Photograph courtesy TODAY Show/NBC
National Geographic News
Published August 31, 2012
Venus’s face is split evenly into two colors.
Venus the two-faced cat is currently the most famous feline on the planet.
The three-year-old tortoiseshell has her own Facebook page and a YouTube video that’s been viewed over a million times, and appeared on the Today Show last week. (Watch National Geographic cat videos.)
One look at this cat and you can understand why: One half is solid black with a green eye—the other half has typical orange tabby stripes and a blue eye.
How does a cat end up looking like that? Leslie Lyons, a professor at the University of California, Davis, who studies the genetics of domestic cats said she’s never seen a cat exactly like Venus.
“She is extremely, extremely rare,” Lyons said. “But you can explain it and you can understand it.”
(See “House Cat Origin Traced to Middle Eastern Wildcat Ancestor.”)
Is Venus a Chimera?
Many reports about Venus refer to the cat as a “chimera.” In mythology, a chimera is a mishmash monster made up of parts of different animals. A feline chimera is a cat whose cells contain two types of DNA, caused when two embryos fuse together.

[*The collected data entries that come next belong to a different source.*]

lemma diag_guess_first_repeat:
  assumes "repeats G p t" "\<forall>s<t. \<not> repeats G p s"
  shows "diag_guess G p (canon (segment p t)) = guess p (Suc t)"
    and "diag_guess G p (canon (segment p (Suc t))) = guess p (Suc (Suc t))"
proof -
  have "bounded_min n (repeats G p) = t" if "t < n" for n
    using assms that by (intro bounded_min_eqI)
  moreover have "t < canon (segment p t)" "t < canon (segment p (Suc t))"
    using less_canon_segment[of t p] canon_segment_less_Suc[of p t] by linarith+
  ultimately show "diag_guess G p (canon (segment p t)) = guess p (Suc t)"
    and "diag_guess G p (canon (segment p (Suc t))) = guess p (Suc (Suc t))"
    unfolding diag_guess_def using canon_segment_less_Suc[of p t] by auto
qed

lemma diag_guess_no_repeat:
  assumes "\<forall>t. \<not> repeats G p t"
  shows "diag_guess G p n = guess p 0"
proof -
  have "bounded_min n (repeats G p) = n"
    using assms by (intro bounded_min_none) blast
  moreover have "n \<noteq> canon (segment p n)" "n \<noteq> canon (segment p (Suc n))"
    using less_canon_segment[of n p] less_canon_segment[of "Suc n" p] by auto
  ultimately show ?thesis
    unfolding diag_guess_def by simp
qed

lemma learner_learns_if_locked:
  assumes p: "\<forall>D. finite D \<longrightarrow> D \<noteq> {} \<longrightarrow> D \<subseteq> column p \<longrightarrow> learner (canon D) = Some (F (canon D))"
    and L: "L \<subseteq> column p"
    and K: "finite K" "K \<noteq> {}" "K \<subseteq> L"
    and locked: "\<forall>D. K \<subseteq> D \<longrightarrow> D \<subseteq> L \<longrightarrow> finite D \<longrightarrow> F (canon D) = e"
    and "W e = L"
  shows "TxtSdEx_learns learner L"
proof (rule TxtSdEx_learns_if_locked[where K=K and e=e])
  show "\<forall>D. D \<subseteq> L \<longrightarrow> finite D \<longrightarrow> learner (canon D) \<noteq> None"
  proof (intro allI impI)
    fix D
    assume "D \<subseteq> L" "finite D"
    with p L learner_empty show "learner (canon D) \<noteq> None"
      by (cases "D = {}") auto
  qed
  show "\<forall>D. K \<subseteq> D \<longrightarrow> D \<subseteq> L \<longrightarrow> finite D \<longrightarrow> learner (canon D) = Some e"
  proof (intro allI impI)
    fix D
    assume D: "K \<subseteq> D" "D \<subseteq> L" "finite D"
    with K(2) have "D \<noteq> {}"
      by blast
    with D p L locked show "learner (canon D) = Some e"
      by auto
  qed
qed (use K \<open>W e = L\<close> in auto)

lemma learner_learns_segment:
  assumes p: "\<forall>D. finite D \<longrightarrow> D \<noteq> {} \<longrightarrow> D \<subseteq> column p \<longrightarrow> learner (canon D) = Some (F (canon D))"
    and F: "F (canon (segment p k)) = guess p (Suc k)"
  shows "TxtSdEx_learns learner (segment p k)"
proof (rule learner_learns_if_locked[OF p segment_subset_column finite_segment segment_nonempty order_refl])
  show "\<forall>D. segment p k \<subseteq> D \<longrightarrow> D \<subseteq> segment p k \<longrightarrow> finite D \<longrightarrow> F (canon D) = guess p (Suc k)"
    using F by (auto dest: subset_antisym)
qed (rule W_guess_Suc)

lemma learner_learns_column:
  assumes p: "\<forall>D. finite D \<longrightarrow> D \<noteq> {} \<longrightarrow> D \<subseteq> column p \<longrightarrow> learner (canon D) = Some (F (canon D))"
    and F: "\<forall>n. F n = guess p 0"
  shows "TxtSdEx_learns learner (column p)"
proof (rule learner_learns_if_locked[OF p order_refl, of "{prod_encode (p, 0)}"])
  show "\<forall>D. {prod_encode (p, 0)} \<subseteq> D \<longrightarrow> D \<subseteq> column p \<longrightarrow> finite D \<longrightarrow> F (canon D) = guess p 0"
    using F by blast
qed (simp_all add: W_guess_0 column_def)

lemma recursive_the_total_computable:
  assumes "total_computable g"
  shows "recursive 1 (\<lambda>ys. the (g (ys ! 0)))"
proof -
  obtain f where f: "\<forall>x y. g x = Some y \<longleftrightarrow> eval f [x] y" and total: "\<forall>x. g x \<noteq> None"
    using assms unfolding total_computable_def partial_computable_def by blast
  have "eval f xs (the (g (xs ! 0)))" if "length xs = 1" for xs
  proof -
    from that obtain x where "xs = [x]"
      by (auto simp: length_Suc_conv)
    moreover have "g x = Some (the (g x))"
      using total by simp
    ultimately show ?thesis
      using f by simp
  qed
  then show ?thesis
    unfolding recursive_def by blast
qed

lemma TxtSdEx_learns_segments_distinct:
  assumes "TxtSdEx_learns h (segment p t)" "TxtSdEx_learns h (segment p (Suc t))"
  shows "the (h (canon (segment p t))) \<noteq> the (h (canon (segment p (Suc t))))"
proof
  assume eq: "the (h (canon (segment p t))) = the (h (canon (segment p (Suc t))))"
  have "segment p t = W (the (h (canon (segment p t))))"
    using TxtSdEx_learns_finite_index[OF assms(1) finite_segment] by simp
  also have "\<dots> = segment p (Suc t)"
    unfolding eq by (rule TxtSdEx_learns_finite_index[OF assms(2) finite_segment])
  finally show False
    using canon_segment_less_Suc[of p t] by simp
qed

lemma learner_beats_total_learner:
  assumes "total_computable g"
  shows "\<exists>L. TxtSdEx_learns learner L \<and> \<not> TxtSdEx_learns g L"
proof -
  define G where "G x = the (g x)" for x
  have "recursive 1 (\<lambda>ys. G (ys ! 0))"
    unfolding G_def using assms by (rule recursive_the_total_computable)
  then obtain p where p: "\<forall>D. finite D \<longrightarrow> D \<noteq> {} \<longrightarrow> D \<subseteq> column p \<longrightarrow>
      learner (canon D) = Some (diag_guess G p (canon D))"
    using learner_self_reference[OF recursive_diag_guess] by blast
  show ?thesis
  proof (cases "\<exists>t. repeats G p t")
    case True
    define t where "t = (LEAST t. repeats G p t)"
    have t: "repeats G p t" "\<forall>s<t. \<not> repeats G p s"
      unfolding t_def using True not_less_Least by (blast intro: LeastI_ex)+
    have "TxtSdEx_learns learner (segment p t)" "TxtSdEx_learns learner (segment p (Suc t))"
      by (intro learner_learns_segment[OF p] diag_guess_first_repeat[OF t])+
    moreover have "\<not> (TxtSdEx_learns g (segment p t) \<and> TxtSdEx_learns g (segment p (Suc t)))"
      using TxtSdEx_learns_segments_distinct t(1) unfolding repeats_def G_def by blast
    ultimately show ?thesis
      by blast
  next
    case False
    then have "TxtSdEx_learns learner (column p)"
      by (intro learner_learns_column[OF p] allI diag_guess_no_repeat) simp
    moreover have "\<not> TxtSdEx_learns g (column p)"
    proof
      assume "TxtSdEx_learns g (column p)"
      then obtain t where "g (canon (segment p t)) = g (canon (segment p (Suc t)))"
        using TxtSdEx_learns_column_imp_repeat by blast
      then have "repeats G p t"
        unfolding repeats_def G_def by simp
      with False show False
        by blast
    qed
    ultimately show ?thesis
      by blast
  qed
qed

theorem theorem9:
  shows "\<exists>\<L>. TxtSdEx \<L> \<and> \<not> R_TxtSdEx \<L>"
proof (intro exI conjI)
  let ?\<L> = "{L. TxtSdEx_learns learner L}"
  show "TxtSdEx ?\<L>"
    unfolding TxtSdEx_def using partial_computable_learner by blast
  show "\<not> R_TxtSdEx ?\<L>"
    unfolding R_TxtSdEx_def using learner_beats_total_learner by blast
qed

end
text \<open>A symmetric nonnegative kernel with row sums at most \<open>M\<close> defines a quadratic form
  bounded by \<open>M\<close> times the squared \<open>\<ell>\<^sup>2\<close>-norm (by \<open>a b \<le> (a\<^sup>2 + b\<^sup>2)/2\<close>).\<close>

lemma schur_test:
  fixes a :: "real \<Rightarrow> real" and H :: "real \<Rightarrow> real"
  assumes "\<And>x. x \<in> X \<Longrightarrow> (\<Sum>x'\<in>X. H (x' - x)) \<le> M"
    and "\<And>t. H (- t) = H t" and "\<And>t. H t \<ge> 0"
  shows "(\<Sum>x\<in>X. \<Sum>x'\<in>X. a x * a x' * H (x' - x)) \<le> M * (\<Sum>x\<in>X. (a x)\<^sup>2)"
proof -
  have "(\<Sum>x\<in>X. \<Sum>x'\<in>X. a x * a x' * H (x' - x))
      \<le> (\<Sum>x\<in>X. \<Sum>x'\<in>X. (a x)\<^sup>2 / 2 * H (x' - x) + (a x')\<^sup>2 / 2 * H (x' - x))"
  proof (intro sum_mono)
    fix x x'
    have "a x * a x' \<le> (a x)\<^sup>2 / 2 + (a x')\<^sup>2 / 2"
      using sum_squares_bound[of "a x" "a x'"] by (simp add: mult.assoc)
    then have "a x * a x' * H (x' - x) \<le> ((a x)\<^sup>2 / 2 + (a x')\<^sup>2 / 2) * H (x' - x)"
      using assms(3) by (intro mult_right_mono) auto
    then show "a x * a x' * H (x' - x) \<le> (a x)\<^sup>2 / 2 * H (x' - x) + (a x')\<^sup>2 / 2 * H (x' - x)"
      by (simp add: algebra_simps)
  qed
  also have "\<dots> = 2 * (\<Sum>x\<in>X. (a x)\<^sup>2 / 2 * (\<Sum>x'\<in>X. H (x' - x)))"
  proof -
    have "(\<Sum>x\<in>X. \<Sum>x'\<in>X. (a x')\<^sup>2 / 2 * H (x' - x)) = (\<Sum>x\<in>X. \<Sum>x'\<in>X. (a x)\<^sup>2 / 2 * H (x - x'))"
      by (rule sum.swap)
    also have "\<dots> = (\<Sum>x\<in>X. \<Sum>x'\<in>X. (a x)\<^sup>2 / 2 * H (x' - x))"
      by (intro sum.cong refl) (metis assms(2) minus_diff_eq)
    finally show ?thesis by (simp add: sum.distrib sum_distrib_left)
  qed
  also have "\<dots> \<le> 2 * (\<Sum>x\<in>X. (a x)\<^sup>2 / 2 * M)"
    using assms(1) by (intro mult_left_mono sum_mono) auto
  also have "\<dots> = M * (\<Sum>x\<in>X. (a x)\<^sup>2)"
    by (simp add: sum_distrib_left mult_ac)
  finally show ?thesis .
qed

section \<open>The dual large sieve inequality\<close>

definition dual_sum :: "(real \<Rightarrow> complex) \<Rightarrow> real set \<Rightarrow> int \<Rightarrow> complex" where
  "dual_sum \<beta> X k = (\<Sum>x\<in>X. \<beta> x * e (x * of_int k))"

lemma norm_dual_sum_sq:
  "complex_of_real ((cmod (dual_sum \<beta> X k))\<^sup>2) =
   (\<Sum>x\<in>X. \<Sum>x'\<in>X. \<beta> x * cnj (\<beta> x') * e ((x - x') * of_int k))"
proof -
  have "complex_of_real ((cmod (dual_sum \<beta> X k))\<^sup>2) = dual_sum \<beta> X k * cnj (dual_sum \<beta> X k)"
    by (rule complex_norm_square)
  also have "\<dots> = (\<Sum>x\<in>X. \<Sum>x'\<in>X. (\<beta> x * e (x * of_int k)) * cnj (\<beta> x' * e (x' * of_int k)))"
    unfolding dual_sum_def cnj_sum by (rule sum_product)
  also have "\<dots> = (\<Sum>x\<in>X. \<Sum>x'\<in>X. \<beta> x * cnj (\<beta> x') * e ((x - x') * of_int k))"
  proof (intro sum.cong refl)
    fix x x'
    have "e (x * of_int k) * cnj (e (x' * of_int k)) = e ((x - x') * of_int k)"
      by (simp add: e_mult_cnj left_diff_distrib)
    then show "(\<beta> x * e (x * of_int k)) * cnj (\<beta> x' * e (x' * of_int k))
        = \<beta> x * cnj (\<beta> x') * e ((x - x') * of_int k)"
      by (simp add: mult_ac)
  qed
  finally show ?thesis .
qed

lemma sum_le_shift_average:
  fixes h :: "int \<Rightarrow> real"
  assumes "\<And>k. h k \<ge> 0" "K \<subseteq> {k0..k0 + int L}"
  shows "real R * (\<Sum>k\<in>K. h k) \<le> (\<Sum>v\<in>int ` {..<R}. \<Sum>u\<in>(\<lambda>j. k0 + int j) ` {..<L + R}. h (u - v))"
proof -
  define U where "U = (\<lambda>j. k0 + int j) ` {..<L + R}"
  have shift: "(\<Sum>k\<in>K. h k) \<le> (\<Sum>u\<in>U. h (u - v))" if v: "v \<in> int ` {..<R}" for v
  proof -
    have "(\<lambda>k. k + v) ` K \<subseteq> U"
    proof
      fix u assume "u \<in> (\<lambda>k. k + v) ` K"
      then obtain k where k: "k \<in> K" "u = k + v" by auto
      then have "k0 \<le> k" "k \<le> k0 + int L" using assms(2) by auto
      moreover obtain j where "j < R" "v = int j" using v by auto
      ultimately have "u = k0 + int (nat (u - k0))" "nat (u - k0) < L + R"
        using k by linarith+
      then show "u \<in> U" unfolding U_def by blast
    qed
    then have "(\<Sum>u\<in>(\<lambda>k. k + v) ` K. h (u - v)) \<le> (\<Sum>u\<in>U. h (u - v))"
      using assms(1) by (intro sum_mono2) (auto simp: U_def)
    then show ?thesis by (simp add: sum.reindex inj_on_def)
  qed
  have "real R * (\<Sum>k\<in>K. h k) = (\<Sum>v\<in>int ` {..<R}. \<Sum>k\<in>K. h k)"
    by (simp add: card_image)
  also have "\<dots> \<le> (\<Sum>v\<in>int ` {..<R}. \<Sum>u\<in>U. h (u - v))"
    by (rule sum_mono) (rule shift)
  finally show ?thesis unfolding U_def .
qed

lemma sum_swap_nested:
  "(\<Sum>a\<in>A. \<Sum>b\<in>B. \<Sum>c\<in>C. \<Sum>d\<in>D. f a b c d) = (\<Sum>c\<in>C. \<Sum>d\<in>D. \<Sum>a\<in>A. \<Sum>b\<in>B. f a b c d)"
proof -
  have "(\<Sum>a\<in>A. \<Sum>b\<in>B. \<Sum>c\<in>C. \<Sum>d\<in>D. f a b c d) = (\<Sum>a\<in>A. \<Sum>c\<in>C. \<Sum>b\<in>B. \<Sum>d\<in>D. f a b c d)"
    by (rule sum.cong[OF refl], rule sum.swap)
  also have "\<dots> = (\<Sum>a\<in>A. \<Sum>c\<in>C. \<Sum>d\<in>D. \<Sum>b\<in>B. f a b c d)"
    by (rule sum.cong[OF refl], rule sum.cong[OF refl], rule sum.swap)
  also have "\<dots> = (\<Sum>c\<in>C. \<Sum>a\<in>A. \<Sum>d\<in>D. \<Sum>b\<in>B. f a b c d)"
    by (rule sum.swap)
  also have "\<dots> = (\<Sum>c\<in>C. \<Sum>d\<in>D. \<Sum>a\<in>A. \<Sum>b\<in>B. f a b c d)"
    by (rule sum.cong[OF refl], rule sum.swap)
  finally show ?thesis .
qed
lemma orthonormal_frame_expansion:
  assumes frame: "orthonormal_frame g e0 e1 e2"
  shows "v = (- g v e0) *\<^sub>R e0 + g v e1 *\<^sub>R e1 + g v e2 *\<^sub>R e2"
proof -
  have "v \<in> span {e0, e1, e2}"
    using frame unfolding orthonormal_frame_def by auto
  then obtain u where "v = (\<Sum>w\<in>{e0, e1, e2}. u w *\<^sub>R w)"
    using real_vector.span_finite[of "{e0, e1, e2}"] by auto
  then have "v = u e0 *\<^sub>R e0 + u e1 *\<^sub>R e1 + u e2 *\<^sub>R e2"
    using frame unfolding orthonormal_frame_def by (simp add: add.assoc)
  then show ?thesis
    using orthonormal_frame_gram[OF frame] by (simp add: bilinear_simps)
qed

lemma orthonormal_frame_quadratic:
  assumes "orthonormal_frame g e0 e1 e2"
  shows "g v v = - (g v e0)\<^sup>2 + (g v e1)\<^sup>2 + (g v e2)\<^sup>2"
proof -
  note expansion = orthonormal_frame_expansion[OF assms, of v]
  have "g v v = g ((- g v e0) *\<^sub>R e0 + g v e1 *\<^sub>R e1 + g v e2 *\<^sub>R e2)
      ((- g v e0) *\<^sub>R e0 + g v e1 *\<^sub>R e1 + g v e2 *\<^sub>R e2)"
    using arg_cong2[OF expansion expansion, of g] .
  then show ?thesis
    unfolding orthonormal_frame_inner[OF assms] by (simp add: power2_eq_square)
qed

lemma timelike_inner_frame_nonzero:
  assumes "orthonormal_frame g e0 e1 e2" and "timelike g v"
  shows "g e0 v \<noteq> 0"
proof
  assume "g e0 v = 0"
  then have "g v v = (g v e1)\<^sup>2 + (g v e2)\<^sup>2"
    using orthonormal_frame_quadratic[OF assms(1), of v] commute[of e0 v] by simp
  then have "g v v \<ge> 0"
    by simp
  with assms(2) show False
    unfolding timelike_def by simp
qed

lemma orthonormal_frame_rotate:
  assumes "orthonormal_frame g e0 e1 e2" and "co\<^sup>2 + si\<^sup>2 = 1"
  shows "orthonormal_frame g e0 (co *\<^sub>R e1 + si *\<^sub>R e2) (co *\<^sub>R e2 - si *\<^sub>R e1)"
  using orthonormal_frame_gram[OF assms(1)] assms(2)
  by (intro orthonormal_frameI) (simp_all add: bilinear_simps algebra_simps power2_eq_square)

lemma orthonormal_frame_boost:
  assumes "orthonormal_frame g e0 e1 e2" and "ch\<^sup>2 - sh\<^sup>2 = 1"
  shows "orthonormal_frame g (ch *\<^sub>R e0 + sh *\<^sub>R e1) (sh *\<^sub>R e0 + ch *\<^sub>R e1) e2"
  using orthonormal_frame_gram[OF assms(1)] assms(2)
  by (intro orthonormal_frameI) (simp_all add: bilinear_simps algebra_simps power2_eq_square)

lemma orthonormal_frame_neg:
  assumes "orthonormal_frame g e0 e1 e2"
  shows "orthonormal_frame g (- e0) (- e1) (- e2)"
  using orthonormal_frame_gram[OF assms] by (intro orthonormal_frameI) (simp_all add: bilinear_simps)

lemma trace_map_frame:
  assumes frame: "orthonormal_frame g e0 e1 e2" and "linear G"
  shows "trace_map G = - g (G e0) e0 + g (G e1) e1 + g (G e2) e2"
proof -
  define coords :: "real^3 \<Rightarrow> real^3" where "coords v = vector [- g v e0, g v e1, g v e2]" for v
  define combine :: "real^3 \<Rightarrow> real^3" where "combine c = c$1 *\<^sub>R e0 + c$2 *\<^sub>R e1 + c$3 *\<^sub>R e2" for c
  have "linear coords"
    by (rule linearI) (simp_all add: coords_def vec_eq_iff forall_3 bilinear_simps)
  moreover have "linear combine"
    by (rule linearI) (simp_all add: combine_def algebra_simps)
  moreover have "G = combine \<circ> (coords \<circ> G)"
    using orthonormal_frame_expansion[OF frame] by (simp add: fun_eq_iff combine_def coords_def)
  ultimately have "trace (matrix G) = trace (matrix (coords \<circ> G) ** matrix combine)"
    using \<open>linear G\<close> by (metis linear_compose matrix_compose trace_mul_sym)
  also have "\<dots> = trace (matrix (coords \<circ> G \<circ> combine))"
    using \<open>linear G\<close> \<open>linear coords\<close> \<open>linear combine\<close> by (metis linear_compose matrix_compose)
  also have "\<dots> = - g (G e0) e0 + g (G e1) e1 + g (G e2) e2"
    by (simp add: trace_def sum_3 matrix_def combine_def coords_def axis_def)
  finally show ?thesis
    unfolding trace_map_def .
qed

end

locale skew_operator = symmetric_bilinear_form +
  fixes F :: "real^3 \<Rightarrow> real^3"
  assumes skew: "F \<in> Skew g"
begin

lemma linear: "linear F"
  using skew unfolding Skew_def by simp

lemma adjoint: "g x (F y) = - g (F x) y"
  using skew unfolding Skew_def by simp

lemma inner_apply_self: "g (F v) v = 0"
  using adjoint[of v v] commute[of v "F v"] by simp

lemmas linear_simps = linear_add[OF linear] linear_diff[OF linear] linear_scale[OF linear]
  linear_neg[OF linear]

definition components :: "real^3 \<Rightarrow> real^3 \<Rightarrow> real^3 \<Rightarrow> real \<times> real \<times> real" where
  "components e0 e1 e2 = (g (F e0) e1, g (F e0) e2, g (F e1) e2)"

lemma apply_frame:
  assumes frame: "orthonormal_frame g e0 e1 e2" and "components e0 e1 e2 = (p, q, r)"
  shows "F e0 = p *\<^sub>R e1 + q *\<^sub>R e2" "F e1 = p *\<^sub>R e0 + r *\<^sub>R e2" "F e2 = q *\<^sub>R e0 - r *\<^sub>R e1"
proof -
  have "g (F e0) e1 = p" "g (F e0) e2 = q" "g (F e1) e2 = r"
    using assms(2) unfolding components_def by auto
  moreover have "g (F e1) e0 = - p" "g (F e2) e0 = - q" "g (F e2) e1 = - r"
    using calculation adjoint commute by metis+
  ultimately show "F e0 = p *\<^sub>R e1 + q *\<^sub>R e2" "F e1 = p *\<^sub>R e0 + r *\<^sub>R e2"
    "F e2 = q *\<^sub>R e0 - r *\<^sub>R e1"
    by (subst orthonormal_frame_expansion[OF frame], simp add: inner_apply_self)+
qed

Among cats, “chimeras are really not all that rare,” Lyons said. In fact, most male tortoiseshell cats are chimeras. The distinctively mottled orange and black coat is a sign that the cat has an extra X chromosome.
But female cats, said Lyons, already have two X chromosomes so they can sport that coat without the extra X. That means Venus is not necessarily a chimera.
To find out would require genetic testing, said Lyons. With samples of skin from each side of the cat, “we can do a DNA fingerprint—just like on CSI—and the DNA from one side of the body should be different than the other.”
(Also see picture: “Lobster Caught ‘Half Cooked’ in Maine.”)
Cat’s Blue Eye Another Mystery
If Venus isn’t actually a chimera, then what would explain her amazing face?
“Absolute luck,” Lyons said. One theory: perhaps the black coloration was randomly activated in all the cells on one side of her face, while the orange coloration was activated on the other, and the two patches met at the midline of her body as she developed.
Cat fanciers who are transfixed by Venus’s split face may be missing the real story: her single blue eye. Cat eyes are typically green or yellow, not blue. (Take a cat quiz.)
A blue-eyed cat is typically a Siamese or else a cat with “a lot of white on them,” she explained.
Venus appears to have only a white patch on her chest, which to Lyons is not enough to explain the blue eye.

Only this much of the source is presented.